Tuesday, July 14, 2009

Madoff arrives at N.C. prison

NEW YORK (CNNMoney.com) -- Bernard Madoff, the convicted Ponzi mastermind, was transferred to a federal prison in Butner, N.C. on Tuesday, according to the Federal Bureau of Prisons.

"Mr. Madoff is at our facility in Butner," said Felicia Ponce, spokeswoman for the bureau. She would not say if Madoff will serve his 150-year prison term at Butner.

Madoff, otherwise known as federal prisoner no. 61727-054, was transferred to Federal Correctional Institution Butner from a medium security prison in Atlanta, according to the bureau.

0:00/1:17Madoff gets the max

FCI Butner, located north of Durham, Raleigh and Chapel Hill, has two medium-security prisons, a low-security prison and a medical center among its facilities. All totaled, Butner holds nearly 4,900 inmates, according to the Federal Bureau of Prisons Web site.

Prison consultants have said that he would probably serve his time in a medium-security prison because his lengthy sentence makes him ineligible for low-security.

Larry Levine, a former federal inmate and founder of Wall Street Prison Consultants in Los Angeles, said FCI Butner is sometimes used as a transfer point. He said some of his clients have stayed at Butner just long enough to receive medical and psychiatric evaluations at the medical center there.

Alvin Woodlief, mayor of nearby Oxford and a lifelong resident of the area, said Butner began as an Army training camp and prisoner-of-war facility during World War II.

It has since expanded into the modern facility that it is today, and was incorporated as a town just one year ago, he added.

"Butner is the newest town in North Carolina," he said.

Madoff was transported to U.S. Penitentiary Atlanta on Monday from the Metropolitan Correctional Center in Manhattan, where he was incarcerated since March 12, when he pleaded guilty to 11 federal counts for running his massive Ponzi scheme.
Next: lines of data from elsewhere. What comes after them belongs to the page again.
lemma exists_orthogonal_to_two:
  assumes "gaussian_vec v1" "gaussian_vec v2" "gaussian_int \<beta>" "\<beta> \<noteq> 0"
    and norms: "hinner v1 v1 = \<beta> * cnj \<beta>" "hinner v2 v2 = \<beta> * cnj \<beta>" and orth: "hinner v1 v2 = 0"
  obtains u where "gaussian_vec u" "hinner v1 u = 0" "hinner v2 u = 0" "hinner u u = \<beta> * cnj \<beta>"
proof -
  let ?L = "\<beta> * cnj \<beta>" and ?W = "cross_cnj v1 v2"
  have "?L \<noteq> 0"
    using \<open>\<beta> \<noteq> 0\<close> by simp
  have "gaussian_vec ?W"
    using assms(1,2) by (simp add: cross_cnj_def gaussian_vec_def)
  then obtain h w where hw: "gaussian_int h" "gaussian_vec w" "primitive_vec w"
      "?W 0 = h * w 0" "?W 1 = h * w 1" "?W 2 = h * w 2"
    by (rule gaussian_vec_content)
  have content: "?W k = h * w k" if "k < 3" for k
    using hw(4-6) less_3_cases[OF that] by auto
  have "h * cnj h * hinner w w = hinner ?W ?W"
    unfolding hinner_def using hw(4-6) by (simp add: algebra_simps)
  also have "\<dots> = ?L * ?L"
    using hinner_cross_cnj(3)[of v1 v2] norms orth hinner_cnj_commute[of v1 v2] by simp
  finally have "h * cnj h * hinner w w = ?L * ?L" .
  then have "h \<noteq> 0"
    using \<open>?L \<noteq> 0\<close> by auto
  obtain c where c: "gaussian_int c" "h * cnj h = c * ?L"
    using cross_cnj_content_norm_dvd[OF assms(1,2) \<open>?L \<noteq> 0\<close> norms orth hw(3) content] .
  then obtain t where t: "gaussian_int t" "t * cnj t = c"
    using gaussian_norm_quotient[OF hw(1) assms(3,4)] by metis
  have "hinner v1 ?W = h * hinner v1 w" "hinner v2 ?W = h * hinner v2 w"
    using hw(4-6) by (simp_all add: hinner_def algebra_simps)
  then have "hinner v1 w = 0" "hinner v2 w = 0"
    using hinner_cross_cnj(1,2) \<open>h \<noteq> 0\<close> by auto
  moreover have "?L * (t * cnj t * hinner w w) = ?L * ?L"
    using \<open>h * cnj h * hinner w w = ?L * ?L\<close> c(2) t(2) by (simp add: algebra_simps)
  then have "t * cnj t * hinner w w = ?L"
    using \<open>?L \<noteq> 0\<close> mult_left_cancel by blast
  ultimately show ?thesis
    using that[of "\<lambda>k. t * w k"] t(1) hw(2) by (simp add: ac_simps)
qed

section \<open>A vector orthogonal to one vector\<close>

definition orth_cong :: "(nat \<Rightarrow> complex) \<Rightarrow> complex \<Rightarrow> (nat \<Rightarrow> complex) \<Rightarrow> bool" where
  "orth_cong v \<beta> y \<longleftrightarrow> gaussian_vec y \<and> hinner v y = 0 \<and>
     (\<exists>s a. gaussian_int s \<and> gaussian_vec a \<and> (\<forall>k. y k = s * v k + \<beta> * a k))"

definition gram2 :: "(nat \<Rightarrow> complex) \<Rightarrow> (nat \<Rightarrow> complex) \<Rightarrow> complex" where
  "gram2 y z = hinner y y * hinner z z - hinner y z * hinner z y"

lemma gram2_commute: "gram2 y z = gram2 z y"
  by (simp add: gram2_def algebra_simps)

lemma gram2_diff_right: "gram2 y (\<lambda>k. z k - q * y k) = gram2 y z"
  by (simp add: gram2_def hinner_def algebra_simps)

lemma orth_congI:
  assumes "gaussian_vec y" "hinner v y = 0" "gaussian_int s" "gaussian_vec a"
    "\<forall>k. y k = s * v k + \<beta> * a k"
  shows "orth_cong v \<beta> y"
  using assms by (auto simp: orth_cong_def)

lemma orth_cong_diff:
  assumes "orth_cong v \<beta> y" "orth_cong v \<beta> z" "gaussian_int q"
  shows "orth_cong v \<beta> (\<lambda>k. z k - q * y k)"
proof -
  obtain s a where y: "gaussian_vec y" "hinner v y = 0" "gaussian_int s" "gaussian_vec a"
      "\<forall>k. y k = s * v k + \<beta> * a k"
    using assms(1) unfolding orth_cong_def by blast
  obtain s' b where z: "gaussian_vec z" "hinner v z = 0" "gaussian_int s'" "gaussian_vec b"
      "\<forall>k. z k = s' * v k + \<beta> * b k"
    using assms(2) unfolding orth_cong_def by blast
  show ?thesis
  proof (rule orth_congI[where s = "s' - q * s" and a = "\<lambda>k. b k - q * a k"])
    show "gaussian_vec (\<lambda>k. z k - q * y k)" "gaussian_vec (\<lambda>k. b k - q * a k)"
      using y(1,4) z(1,4) assms(3) by (simp_all add: gaussian_vec_def)
    show "\<forall>k. z k - q * y k = (s' - q * s) * v k + \<beta> * (b k - q * a k)"
      using y(5) z(5) by (simp add: algebra_simps)
    show "hinner v (\<lambda>k. z k - q * y k) = 0"
      using y(2) z(2) by simp
    show "gaussian_int (s' - q * s)"
      using y(3) z(3) assms(3) by (intro gaussian_int_diff gaussian_int_mult)
  qed
qed

lemma orth_cong_hinner_dvd:
  assumes "orth_cong v \<beta> y" "orth_cong v \<beta> z" "hinner v v = \<beta> * cnj \<beta>" "\<beta> \<noteq> 0"
  obtains c where "gaussian_int c" "hinner y z = \<beta> * cnj \<beta> * c"
proof -
  obtain s a where y: "hinner v y = 0" "gaussian_int s" "gaussian_vec a"
      "\<forall>k. y k = s * v k + \<beta> * a k"
    using assms(1) unfolding orth_cong_def by blast
  obtain s' b where z: "hinner v z = 0" "gaussian_int s'" "gaussian_vec b"
      "\<forall>k. z k = s' * v k + \<beta> * b k"
    using assms(2) unfolding orth_cong_def by blast
  have "hinner v y = s * hinner v v + \<beta> * hinner v a" "hinner v z = s' * hinner v v + \<beta> * hinner v b"
    using y(4) z(4) by (simp_all add: hinner_def algebra_simps)
  then have "\<beta> * (s * cnj \<beta> + hinner v a) = 0" "\<beta> * (s' * cnj \<beta> + hinner v b) = 0"
    using y(1) z(1) assms(3) by (simp_all add: algebra_simps)
  then have va: "hinner v a = - (s * cnj \<beta>)" and vb: "hinner v b = - (s' * cnj \<beta>)"
    using assms(4) by (simp_all add: add_eq_0_iff)
  then have av: "hinner a v = - (cnj s * \<beta>)"
    using hinner_cnj_commute[of v a] by simp
  have "hinner y z = cnj s * s' * hinner v v + cnj s * \<beta> * hinner v b + cnj \<beta> * s' * hinner a v
      + cnj \<beta> * \<beta> * hinner a b"
    using y(4) z(4) by (simp add: hinner_def algebra_simps)
  also have "\<dots> = cnj s * s' * (\<beta> * cnj \<beta>) + cnj s * \<beta> * - (s' * cnj \<beta>)
      + cnj \<beta> * s' * - (cnj s * \<beta>) + cnj \<beta> * \<beta> * hinner a b"
    by (simp only: assms(3) vb av)
  also have "\<dots> = \<beta> * cnj \<beta> * (hinner a b - cnj s * s')"
    by (simp add: algebra_simps)
  finally show ?thesis
    using that[of "hinner a b - cnj s * s'"] y(2,3) z(2,3) by simp
qed

lemma orth_cong_norm:
  assumes "orth_cong v \<beta> y" "hinner v v = \<beta> * cnj \<beta>" "\<beta> \<noteq> 0"
  obtains N :: nat where "hinner y y = \<beta> * cnj \<beta> * of_nat N"
proof -
  obtain c where c: "gaussian_int c" "hinner y y = \<beta> * cnj \<beta> * c"
    using orth_cong_hinner_dvd[OF assms(1,1,2,3)] by blast
  define \<rho> where "\<rho> = cmod (y 0) ^ 2 + cmod (y 1) ^ 2 + cmod (y 2) ^ 2"
  have "c = of_real (\<rho> / cmod \<beta> ^ 2)"
    using c(2) hinner_self[of y] assms(3) by (simp add: \<rho>_def field_simps flip: complex_norm_square)
  moreover have "0 \<le> \<rho> / cmod \<beta> ^ 2"
    by (simp add: \<rho>_def)
  ultimately obtain N where "c = of_nat N"
    using c(1) by (metis gaussian_int_of_real_nonneg of_real_of_nat_eq)
  then show ?thesis
    using that c(2) by blast
qed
U.S. Penitentiary Atlanta, home to 1,949 inmates, is a detention center for pre-trial and holdover inmates, as well as a permanent facility for long-term inmates.

Levine said some of his clients have stayed at USP Atlanta in holdover status for up to a month.
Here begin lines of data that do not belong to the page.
text \<open>Components and quasi-components of a compact Hausdorff space coincide.\<close>
lemma compact_component_separated:
  fixes X :: "'a::euclidean_space set"
  assumes "compact X" "x \<in> X" "compact L" "L \<subseteq> X" "L \<inter> connected_component_set X x = {}"
  obtains A where "closed A" "openin (top_of_set X) A" "connected_component_set X x \<subseteq> A" "A \<inter> L = {}"
proof -
  let ?T = "top_of_set X"
  define C where "C = connected_component_set X x"
  have "C \<in> connected_components_of ?T"
    unfolding connected_components_of_def C_def using assms(2)
    by (auto simp: connected_component_of_set connected_component_of_def connectedin_subtopology
        connected_component_def intro!: image_eqI[where x=x])
  moreover have "compact_space ?T" "Hausdorff_space ?T"
    using assms(1) by (simp_all add: compact_space_subtopology compactin_euclidean_iff Hausdorff_space_subtopology)
  ultimately have "C \<in> quasi_components_of ?T"
    using quasi_eq_connected_components_of by blast
  moreover have "compactin ?T L"
    using assms(3,4) by (simp add: compactin_subtopology compactin_euclidean_iff)
  ultimately have "separated_between ?T C L"
    using separated_between_quasi_component_compact assms(5) by (auto simp: C_def disjnt_def)
  then obtain A B where AB: "openin ?T A" "openin ?T B" "A \<union> B = X" "disjnt A B" "C \<subseteq> A" "L \<subseteq> B"
    unfolding separated_between_def by auto
  have "A = X - B"
    using AB(3,4) by (auto simp: disjnt_def)
  then have "closedin ?T A"
    using AB(2) by auto
  then have "closed A"
    using assms(1) by (simp add: closedin_closed_trans compact_imp_closed)
  with AB show thesis
    using that[of A] by (auto simp: C_def disjnt_def)
qed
Long sentence: Madoff, 71, was sentenced to 150 years on June 29. His release date is Nov. 14, 2139.

He is also being forced to forfeit property to comply with a $170 billion legal judgment against him.
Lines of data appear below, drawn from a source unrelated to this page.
lemma affine_perm_aff_roots:
  assumes data: "affine_perm_data n \<rho> s m" and z: "z \<in> aff_roots n"
  shows "affine_perm n \<rho> s m z \<in> aff_roots n"
proof -
  obtain x c where zc: "z = (x, c)" "x \<in> roots_C n" "c \<in> \<int>"
    using z by (metis aff_roots_iff surj_pair)
  then obtain a k b l where x: "x = epair a k b l" "a = 1 \<or> a = -1" "b = 1 \<or> b = -1"
    "k \<in> {1..n}" "l \<in> {1..n}" "k = l \<longrightarrow> a = b" by (elim roots_CE)
  have \<rho>: "inj_on \<rho> {1..n}" "\<rho> k \<in> {1..n}" "\<rho> l \<in> {1..n}"
    using data x(4,5) by (auto simp: affine_perm_data_def bij_betw_def)
  then have "\<rho> k = \<rho> l \<longrightarrow> k = l" using x(4,5) by (auto dest: inj_onD)
  then have "epair (s k * a) (\<rho> k) (s l * b) (\<rho> l) \<in> roots_C n"
    using data x \<rho> by (intro epair_in_roots_C) (auto simp: affine_perm_data_def)
  moreover have "c + a * m k + b * m l \<in> \<int>"
    using data x zc(3) by (auto simp: affine_perm_data_def)
  ultimately show ?thesis
    using zc(1) x affine_perm_epair[OF data x(4,5)] by (simp add: aff_roots_iff)
qed

lemma sum_simple_roots_telescope:
  assumes "1 \<le> a" "a \<le> b" "b \<le> n"
  shows "(\<lambda>t. \<Sum>k\<in>{a..<b}. simple_root n k t) = vsub (ev a) (ev b)"
  using assms
proof (induction b)
  case (Suc b)
  show ?case
  proof (cases "a = Suc b")
    case False
    then have "(\<lambda>t. \<Sum>k\<in>{a..<b}. simple_root n k t) = vsub (ev a) (ev b)" "b < n" "a \<le> b"
      using Suc by auto
    then show ?thesis
      by (auto simp: fun_eq_iff simple_root_def vsub_def ev_def)
  qed (auto simp: fun_eq_iff vsub_def)
qed simp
Before Madoff was sentenced, many of the thousands victimized in his scam wrote letters to Judge Denny Chin of U.S. District Court in Manhattan, describing how they were financially ruined by his scheme and requesting life in prison for the Ponzi mastermind.

Madoff's lawyer Ira Lee Sorkin, who declined to comment for this story, had requested that Madoff be sent to Federal Correctional Institution Otisville. The medium-security prison is located about 70 miles northwest of New York City, where Madoff lived in a $7 million apartment before admitting to the scheme on March 12.

The judge said that he would recommend that Madoff be transferred to a prison in the Northeast, but he did not say where.

The bureau had the final say in deciding where Madoff would live. The bureau tries to place inmates within 500 miles of their homes, and Butner meets that consideration.

Madoff's wife, Ruth, has also left the $7 million apartment. She has been allowed to keep $2.5 million which has not been connected to the Ponzi scheme.

The Ponzi connection: The Atlanta prison where Madoff was held first opened in 1902, according to Alan Ellis, a prison consultant and author of the "Federal Prison Guidebook."

Interestingly, the prison once housed Charles Ponzi, the namesake of the scheme to which Madoff pleaded guilty on March 12.

About a decade before the international postal stamp scheme that made him famous, Charles Ponzi served nearly two years at the Atlanta prison after he pleaded guilty to illegally smuggling aliens from Canada, according to the book "Ponzi's Scheme," by Mitchell Zuckoff. Ponzi was released from the facility in 1912.

-- CNNMoney staff writer Catherine Clifford and assistant managing editor Mark M. Meinero contributed to this report.